(Beginning of Information)
lemma comp_diff_left:
  assumes "X \<in> Ob C" "Y \<in> Ob C" "Z \<in> Ob C" "f \<in> Hom C X Y" "f' \<in> Hom C X Y" "g \<in> Hom C Y Z"
  shows "cmp C g (madd C f (mneg C f')) = madd C (cmp C g f) (mneg C (cmp C g f'))"
  using assms comp_distrib_left[of X Y Z f "mneg C f'" g] comp_mneg_right[of X Y Z f' g] by simp

lemma comp_diff_right:
  assumes "X \<in> Ob C" "Y \<in> Ob C" "Z \<in> Ob C" "f \<in> Hom C X Y" "g \<in> Hom C Y Z" "g' \<in> Hom C Y Z"
  shows "cmp C (madd C g (mneg C g')) f = madd C (cmp C g f) (mneg C (cmp C g' f))"
  using assms comp_distrib_right[of X Y Z f g "mneg C g'"] comp_mneg_left[of X Y Z f g'] by simp

lemma madd_diff_cancel:
  assumes "X \<in> Ob C" "Y \<in> Ob C" "f \<in> Hom C X Y" "g \<in> Hom C X Y"
  shows "madd C f (madd C g (mneg C f)) = g"
proof -
  have "madd C f (madd C g (mneg C f)) = madd C (madd C g f) (mneg C f)"
    using assms madd_assoc[of X Y f g "mneg C f"] madd_commute[of X Y f g] by simp
  also have "\<dots> = g" using assms madd_assoc[of X Y g f "mneg C f"] by simp
  finally show ?thesis .
qed

lemma iso_refl: "X \<in> Ob C \<Longrightarrow> iso C (idm C X) X X"
  unfolding iso_def by (metis id_closed comp_id_right)

lemma iso_obj_refl: "X \<in> Ob C \<Longrightarrow> iso_obj C X X"
  unfolding iso_obj_def using iso_refl by blast

lemma retract_of_iso_right:
  assumes X: "X \<in> Ob C" and Y: "Y \<in> Ob C" and Y': "Y' \<in> Ob C"
    and "retract_of C X Y" and "iso_obj C Y Y'"
  shows "retract_of C X Y'"
proof -
  obtain s r where s: "s \<in> Hom C X Y" and r: "r \<in> Hom C Y X" and rs: "cmp C r s = idm C X"
    using assms(4) unfolding retract_of_def by blast
  obtain \<phi> \<phi>' where \<phi>: "\<phi> \<in> Hom C Y Y'" and \<phi>': "\<phi>' \<in> Hom C Y' Y" and \<phi>'\<phi>: "cmp C \<phi>' \<phi> = idm C Y"
    using assms(5) unfolding iso_obj_def iso_def by blast
  have \<phi>s: "cmp C \<phi> s \<in> Hom C X Y'" and r\<phi>': "cmp C r \<phi>' \<in> Hom C Y' X"
    using X Y Y' s r \<phi> \<phi>' by auto
  have "cmp C (cmp C r \<phi>') (cmp C \<phi> s) = cmp C r (cmp C \<phi>' (cmp C \<phi> s))"
    using comp_assoc[of X Y' Y X "cmp C \<phi> s" \<phi>' r] X Y Y' \<phi>s r \<phi>' by simp
  also have "\<dots> = cmp C r s"
    using comp_assoc[of X Y Y' Y s \<phi> \<phi>'] \<phi>'\<phi> X Y Y' s \<phi> \<phi>' by simp
  finally show ?thesis unfolding retract_of_def using rs \<phi>s r\<phi>' by auto
qed

end

locale triangulated_cat =
  fixes C :: "('o, 'm) tricat"
  assumes triangulated: "triangulated C"

sublocale triangulated_cat \<subseteq> preadditive_cat
  using triangulated unfolding triangulated_def additive_def by unfold_locales blast

context triangulated_cat
begin

lemma zero_object_exists: "\<exists>Z. zero_object C Z"
  using triangulated unfolding triangulated_def additive_def by blast

lemma shO_closed [intro, simp]: "X \<in> Ob C \<Longrightarrow> shO C X \<in> Ob C"
  using triangulated unfolding triangulated_def shift_autoequiv_def by meson

lemma shM_closed [intro]:
  "\<lbrakk>X \<in> Ob C; Y \<in> Ob C; f \<in> Hom C X Y\<rbrakk> \<Longrightarrow> shM C f \<in> Hom C (shO C X) (shO C Y)"
  using triangulated unfolding triangulated_def shift_autoequiv_def by meson

lemma shM_id [simp]: "X \<in> Ob C \<Longrightarrow> shM C (idm C X) = idm C (shO C X)"
  using triangulated unfolding triangulated_def shift_autoequiv_def by meson

lemma shM_comp:
  "\<lbrakk>X \<in> Ob C; Y \<in> Ob C; Z \<in> Ob C; f \<in> Hom C X Y; g \<in> Hom C Y Z\<rbrakk>
   \<Longrightarrow> shM C (cmp C g f) = cmp C (shM C g) (shM C f)"
  using triangulated unfolding triangulated_def shift_autoequiv_def by meson

lemma shM_madd:
  "\<lbrakk>X \<in> Ob C; Y \<in> Ob C; f \<in> Hom C X Y; g \<in> Hom C X Y\<rbrakk>
   \<Longrightarrow> shM C (madd C f g) = madd C (shM C f) (shM C g)"
  using triangulated unfolding triangulated_def shift_autoequiv_def by meson

lemma shM_bij_betw:
  "\<lbrakk>X \<in> Ob C; Y \<in> Ob C\<rbrakk> \<Longrightarrow> bij_betw (shM C) (Hom C X Y) (Hom C (shO C X) (shO C Y))"
  using triangulated unfolding triangulated_def shift_autoequiv_def by meson

lemma shO_ess_surj: "Y \<in> Ob C \<Longrightarrow> \<exists>X\<in>Ob C. iso_obj C Y (shO C X)"
  using triangulated unfolding triangulated_def shift_autoequiv_def by meson

lemma shM_inj:
  "\<lbrakk>X \<in> Ob C; Y \<in> Ob C; f \<in> Hom C X Y; g \<in> Hom C X Y; shM C f = shM C g\<rbrakk> \<Longrightarrow> f = g"
  using shM_bij_betw[of X Y] unfolding bij_betw_def inj_on_def by blast

lemma shM_surj:
  "\<lbrakk>X \<in> Ob C; Y \<in> Ob C; h \<in> Hom C (shO C X) (shO C Y)\<rbrakk> \<Longrightarrow> \<exists>f\<in>Hom C X Y. h = shM C f"
  using shM_bij_betw[of X Y] unfolding bij_betw_def by blast

lemma shM_zero [simp]:
  assumes "X \<in> Ob C" "Y \<in> Ob C"
  shows "shM C (mzero C X Y) = mzero C (shO C X) (shO C Y)"
  using assms shM_madd[of X Y "mzero C X Y" "mzero C X Y"]
  by (intro idempotent_madd_zero) auto

lemma shM_mneg:
  assumes "X \<in> Ob C" "Y \<in> Ob C" "f \<in> Hom C X Y"
  shows "shM C (mneg C f) = mneg C (shM C f)"
  using assms shM_madd[of X Y "mneg C f" f] by (intro mneg_unique[of "shO C X" "shO C Y"]) auto

lemma shM_surj_mneg:
  assumes X: "X \<in> Ob C" and Y: "Y \<in> Ob C" and h: "h \<in> Hom C (shO C X) (shO C Y)"
  shows "\<exists>f\<in>Hom C X Y. h = mneg C (shM C f)"
proof -
  obtain f where f: "f \<in> Hom C X Y" "h = shM C f" using shM_surj[OF X Y h] by blast
  then have "h = mneg C (shM C (mneg C f))" using shM_mneg[OF X Y f(1)] shM_closed[OF X Y f(1)] X Y by simp
  then show ?thesis using f X Y by blast
qed

lemma dtri_is_triangle: "t \<in> dtri C \<Longrightarrow> is_triangle C t"
  using triangulated unfolding triangulated_def by meson

lemma dtri_closed:
  assumes "(X, Y, Z, f, g, h) \<in> dtri C"
  shows "X \<in> Ob C" "Y \<in> Ob C" "Z \<in> Ob C"
    and "f \<in> Hom C X Y" "g \<in> Hom C Y Z" "h \<in> Hom C Z (shO C X)"
  using dtri_is_triangle[OF assms] unfolding is_triangle_def by auto

lemma dtri_trivial:
  "\<lbrakk>X \<in> Ob C; zero_object C Z\<rbrakk> \<Longrightarrow> (X, X, Z, idm C X, mzero C X Z, mzero C Z (shO C X)) \<in> dtri C"
  using triangulated unfolding triangulated_def by meson

lemma dtri_iso_closed:
  "\<lbrakk>(X, Y, Z, f, g, h) \<in> dtri C; is_triangle C (X', Y', Z', f', g', h');
    iso C a X X'; iso C b Y Y'; iso C c Z Z';
    cmp C b f = cmp C f' a; cmp C c g = cmp C g' b; cmp C (shM C a) h = cmp C h' c\<rbrakk>
   \<Longrightarrow> (X', Y', Z', f', g', h') \<in> dtri C"
  using triangulated unfolding triangulated_def by meson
(End of Information)
▸ Task statement
Scan the material above for the string "have" and return the lines that hold it.

▸ Solved exercise
  have "madd C f (madd C g (mneg C f)) = madd C (madd C g f) (mneg C f)"
  also have "\<dots> = g" using assms madd_assoc[of X Y g f "mneg C f"] by simp
  have \<phi>s: "cmp C \<phi> s \<in> Hom C X Y'" and r\<phi>': "cmp C r \<phi>' \<in> Hom C Y' X"
  have "cmp C (cmp C r \<phi>') (cmp C \<phi> s) = cmp C r (cmp C \<phi>' (cmp C \<phi> s))"
  also have "\<dots> = cmp C r s"
  then have "h = mneg C (shM C (mneg C f))" using shM_mneg[OF X Y f(1)] shM_closed[OF X Y f(1)] X Y by simp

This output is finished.